Metrics are computed on the held-out eval split configured above; treat them as a **sanity-check baseline**, not a production SLA.

---

## Getting started

### Inference with `transformers`

```python
from transformers import pipeline

clf = pipeline(
    "text-classification",
    model="TinyModel1",  # or local path after save
    tokenizer="TinyModel1",
    top_k=None,
)
text = "Markets rose after the central bank held rates steady."
print(clf(text))
```

Use `top_k=None` (or your Transformers version’s equivalent) to obtain scores for **all** labels.
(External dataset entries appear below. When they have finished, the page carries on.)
lemma prob_last_round_few_underfull:
  assumes "E \<noteq> {}" "100 * real (card E) * ln (real (card V)) \<le> real k * T"
    and "beta + 2 \<le> real (card V)"
  shows "1 - 1 / real (card V) \<le> measure sample_space
           {\<omega>. \<exists>r. is_last_round eps beta E pick k \<omega> r
              \<and> real (card (underfull_set eps beta E (H_at \<omega> ((r + 1) * k)))) < T}"
    (is "_ \<le> measure _ ?G")
proof -
  interpret prob_space sample_space
    by (rule prob_space.prob_space_stream_space[OF prob_space_measure_pmf])
  let ?n = "real (card V)"
  let ?B = "\<Union>r \<le> max_rounds. missed_round k T r"
  have n: "4 \<le> ?n" using assms(3) two_le_beta by linarith
  have "0 < real (card E)" using assms(1) finite_edges by (simp add: card_gt_0_iff)
  have "exp (- (real k * T / real (card E))) \<le> exp (- (100 * ln ?n))"
    using assms(2) \<open>0 < real (card E)\<close> by (simp add: field_simps)
  also have "\<dots> = 1 / ?n ^ 100"
    using n powr_realpow[of ?n 100] by (simp add: exp_minus powr_def inverse_eq_divide)
  finally have missed: "measure sample_space (missed_round k T r) \<le> 1 / ?n ^ 100" for r
    using measure_missed_round[OF assms(1), of k T r] by linarith
  have "measure sample_space ?B \<le> (\<Sum>r \<le> max_rounds. measure sample_space (missed_round k T r))"
    by (intro finite_measure_subadditive_finite) (auto simp: sets_missed_round)
  also have "\<dots> \<le> real (Suc max_rounds) / ?n ^ 100"
    using sum_mono[of "{..max_rounds}", OF missed] by simp
  also have "\<dots> \<le> ?n ^ 4 / ?n ^ 100"
    using max_rounds_le[OF assms(3)] by (intro divide_right_mono) auto
  also have "\<dots> \<le> 1 / ?n"
    using n by (simp add: field_simps power_increasing flip: power_Suc)
  finally have "measure sample_space ?B \<le> 1 / ?n" .
  moreover have "space sample_space - ?B \<subseteq> ?G"
    using last_round_few_underfull_unless_missed by blast
  then have "measure sample_space (space sample_space - ?B) \<le> measure sample_space ?G"
    by (intro finite_measure_mono sets_last_round_few_underfull)
  moreover have "measure sample_space (space sample_space - ?B) = 1 - measure sample_space ?B"
    by (intro prob_compl) (auto simp: sets_missed_round)
  ultimately show ?thesis by linarith
qed

end

section \<open>Choice of the parameters\<close>

lemma samples_per_round_mult_ge:
  assumes "0 < mu_s * Delta_s powr gamma" "m \<le> m_s" "1 \<le> n"
  shows "100 * m * ln (real n)
           \<le> real (samples_per_round n mu_s m_s Delta_s gamma) * (mu_s * Delta_s powr gamma)"
proof -
  let ?T = "mu_s * Delta_s powr gamma"
  have "100 * m * ln (real n) \<le> 100 * m_s * ln (real n)"
    using assms(2,3) by (intro mult_right_mono) auto
  also have "\<dots> \<le> real (samples_per_round n mu_s m_s Delta_s gamma) * ?T"
    using real_nat_ceiling_ge[of "100 * m_s * ln (real n) / ?T"] assms(1)
    unfolding samples_per_round_def by (simp add: pos_divide_le_eq)
  finally show ?thesis .
qed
Replace `"TinyModel1"` with your Hugging Face model id (for example `HyperlinksSpace/TinyModel1`) when loading from the Hub.

---

## Training data

- **Dataset:** [fancyzhx/ag_news](https://huggingface.co/datasets/fancyzhx/ag_news) (4-class news topics).
- **Preprocessing:** tokenizer trained on training texts; sequences truncated to 128 tokens.

---

## Intended use

- Prototyping **routing**, **tagging**, and **dashboard** features over English news-style text.
- Teaching and benchmarking small-classification setups.
- Starting point for **domain adaptation** (finance, sports, etc.) with your own labels.

---

## Limitations

- **Accuracy** is modest by design; do not rely on it for high-stakes decisions without validation on your data.
- **English-oriented** news wording; other languages or social-style text may degrade.
- **Four fixed classes**; not suitable as a general-purpose language model.

---

## License

This model is released under the **Apache 2.0** license (see repository `LICENSE` where applicable).